Experts issue warning about viral TikTok ear-cleaning trend

Doctors have issued a warning after videos racked up millions of views

Lisa Salmon
Thursday 21 March 2024 20:22 GMT
Earwax helps to keep our body free from infection
Earwax helps to keep our body free from infection

A warning has been issued about self-care TikTok.

Although our ears are designed to be self-cleaning, ear-cleaning advice is currently going viral on the social media platform, with videos generating millions of views on how to remove earwax yourself, using tiny tools, olive oil and even harsh chemicals.

Ear cleaning has 378.5m TikTok views, while earwax removal has 128.8m, and a Bluetooth ear-cleaning camera tool has amassed over 1.1million views.

It’s a worrying trend, as audiologists say it’s totally unnecessary to clean your own ears, and in turn, it could actually damage them. Our earwax is anti-bacterial, traps dust and other foreign particles, and usually drains out of the ears naturally, so just regular hair washing and gently drying the ear canal opening with a soft cloth should be all the cleaning you need to do.

“We would advise against trying any method of earwax removal at home due to the increased risk of developing an ear infection or damaging the ear,” warns Gordon Harrison, chief audiologist at  Specsavers. “As a rule of thumb, don’t put anything smaller than your elbow in your ear.”

And Christina Kourie, a clinical audiologist at Pindrop Hearing in London,  explains: “Wax will naturally work its way out of the ear canal, which can then be cleaned away.

“But there’s a trend on TikTok that involves people cleaning their ears at home via various methods, and several social media users have posted videos of themselves emptying their ears of wax using hydrogen peroxide, a chemical typically used in common household cleaning products.
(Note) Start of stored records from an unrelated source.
lemma prob_seq_matrix_rank_exceeds:
  fixes Ns Nh K :: nat and t :: real
  assumes "Nh \<ge> 1" "t > 0"
  defines "N \<equiv> Ns * Nh" and "q \<equiv> (1 - 1 / real Nh) ^ K"
  shows "measure_pmf.prob (seq_matrix_pmf Ns Nh K) {S. real N * (1 - q) + t < real (mrank N S)}
    \<le> real N * q / t\<^sup>2"
proof -
  let ?M = "seq_matrix_pmf Ns Nh K"
  define Z where "Z S = (\<Sum>a<N. indicator (zero_row K a) S :: real)" for S
  have row_prob: "measure_pmf.prob ?M (zero_row K a) = q" if "a < N" for a
    using prob_seq_matrix_zero_rows[of "{a}" Ns Nh K] prob_seq_entry_zero[of a Ns Nh] that
    by (simp add: N_def q_def)
  have pair_prob: "measure_pmf.prob ?M (zero_row K a \<inter> zero_row K b) \<le> q\<^sup>2"
    if "a < N" "b < N" "a \<noteq> b" for a b
  proof -
    have "measure_pmf.prob (seq_pmf Ns Nh) {v. \<forall>i\<in>{a, b}. v $ i = 0} \<le> (1 - 1 / real Nh)\<^sup>2"
      using prob_seq_vanishes_on_le[of "{a, b}" Ns Nh] that assms(1) by (simp add: N_def power2_eq_square)
    then have "measure_pmf.prob (seq_pmf Ns Nh) {v. \<forall>i\<in>{a, b}. v $ i = 0} ^ K
        \<le> ((1 - 1 / real Nh)\<^sup>2) ^ K"
      by (rule power_mono) simp
    also have "\<dots> = q\<^sup>2"
      by (simp add: q_def mult.commute flip: power_mult)
    finally have "measure_pmf.prob (seq_pmf Ns Nh) {v. \<forall>i\<in>{a, b}. v $ i = 0} ^ K \<le> q\<^sup>2" .
    moreover have "{S. \<forall>c\<in>{a, b}. S \<in> zero_row K c} = zero_row K a \<inter> zero_row K b" by auto
    ultimately show ?thesis
      using prob_seq_matrix_zero_rows[of "{a, b}" Ns Nh K] that by (simp add: N_def)
  qed
  have deviation: "measure_pmf.prob ?M {S. t \<le> \<bar>Z S - real N * q\<bar>} \<le> real N * q / t\<^sup>2"
    using measure_pmf.prob_sum_indicator_deviation_le[of "{..<N}" "zero_row K" ?M q t]
      row_prob pair_prob assms(2) by (simp add: Z_def)
  have "{S. real N * (1 - q) + t < real (mrank N S)} \<inter> set_pmf ?M \<subseteq> {S. t \<le> \<bar>Z S - real N * q\<bar>}"
  proof clarify
    fix S assume "real N * (1 - q) + t < real (mrank N S)" "S \<in> set_pmf ?M"
    moreover have "real (mrank N S) \<le> real N - Z S"
      unfolding Z_def N_def
      by (rule mrank_le_nrows_minus_zero_rows) (use set_pmf_seq_matrix_pmf \<open>S \<in> set_pmf ?M\<close> in blast)
    ultimately show "t \<le> \<bar>Z S - real N * q\<bar>" by (simp add: algebra_simps)
  qed
  then have "measure_pmf.prob ?M {S. real N * (1 - q) + t < real (mrank N S)}
      \<le> measure_pmf.prob ?M {S. t \<le> \<bar>Z S - real N * q\<bar>}"
    by (metis measure_Int_set_pmf measure_pmf.finite_measure_mono sets_measure_pmf UNIV_I)
  with deviation show ?thesis by linarith
qed
lemma prob_seq_matrix_rank_ratio_exceeds:
  fixes Ns Nh K :: nat and \<beta> e \<epsilon> :: real
  assumes "Nh \<ge> 1" "Ns \<ge> 1" "\<epsilon> > 0"
    and "real K / real (Ns * Nh) < \<beta> + \<epsilon>" "e - \<epsilon> / 2 < (1 - 1 / real Nh) ^ K"
  shows "measure_pmf.prob (seq_matrix_pmf Ns Nh K)
      {S. real (mrank (Ns * Nh) S) / real (Ns * Nh) > min \<beta> (1 - e) + \<epsilon>}
    \<le> 4 / (\<epsilon>\<^sup>2 * real (Ns * Nh))"
proof -
  let ?M = "seq_matrix_pmf Ns Nh K"
  define N where "N = Ns * Nh"
  define q where "q = (1 - 1 / real Nh) ^ K"
  have "real N > 0" using assms(1,2) by (simp add: N_def)
  have "q \<le> 1" using assms(1) by (simp add: q_def power_le_one)
  have "{S. real (mrank N S) / real N > min \<beta> (1 - e) + \<epsilon>} \<inter> set_pmf ?M
      \<subseteq> {S. real N * (1 - q) + \<epsilon> * real N / 2 < real (mrank N S)}"
  proof clarify
    fix S assume S: "real (mrank N S) / real N > min \<beta> (1 - e) + \<epsilon>" "S \<in> set_pmf ?M"
    have "mrank N S \<le> K"
      using S(2) set_pmf_seq_matrix_pmf vec_space.rank_le_nc unfolding mrank_def N_def by blast
    then have "real (mrank N S) / real N \<le> real K / real N"
      by (simp add: divide_right_mono)
    with S(1) assms(4,5) have "real (mrank N S) / real N > 1 - q + \<epsilon> / 2"
      by (auto simp: N_def q_def min_def split: if_splits)
    then show "real N * (1 - q) + \<epsilon> * real N / 2 < real (mrank N S)"
      using \<open>real N > 0\<close> by (simp add: field_simps)
  qed
  then have "measure_pmf.prob ?M {S. real (mrank N S) / real N > min \<beta> (1 - e) + \<epsilon>}
      \<le> measure_pmf.prob ?M {S. real N * (1 - q) + \<epsilon> * real N / 2 < real (mrank N S)}"
    by (metis measure_Int_set_pmf measure_pmf.finite_measure_mono sets_measure_pmf UNIV_I)
  also have "\<dots> \<le> real N * q / (\<epsilon> * real N / 2)\<^sup>2"
    using prob_seq_matrix_rank_exceeds[of Nh "\<epsilon> * real N / 2" Ns K] assms(1,3) \<open>real N > 0\<close>
    by (simp add: N_def q_def)
  also have "\<dots> \<le> 4 / (\<epsilon>\<^sup>2 * real N)"
    using \<open>q \<le> 1\<close> \<open>real N > 0\<close> assms(3) by (simp add: field_simps power2_eq_square)
  finally show ?thesis by (simp add: N_def)
qed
“But it’s essential to approach this trend with caution as there are significant risks with putting this chemical in your ear and attempting to remove the wax with limited vision of the ear canal itself.”

She says other TikTok ear-cleaning trends include using olive oil to soften and remove excess wax, using various tools to dig and scrape inside the ear, and even small cameras touted as the latest trend to clean the ear canal.

Avoid DIY methods to get rid of earwax (Alamy/PA)

“Cleaning your ears at home using some of these techniques could damage your ears and hearing,” warns Kourie. “The ear is a very delicate organ, which is actually designed to clean itself. This means that digging and scraping is unnecessary and can make the problem worse, because the tools can push the wax and the debris back into the ear.

“There’s also a risk that you could cut the inside skin of the ear if you’re scraping incorrectly, which could cause a bacterial infection.”

She says in the worst-case scenario, the ear drum could be punctured if a cleaning tool is pushed too far into the ear, and stresses: “Even using a cotton swab should be avoided, as this can push wax deeper into the ear canal and cause damage.”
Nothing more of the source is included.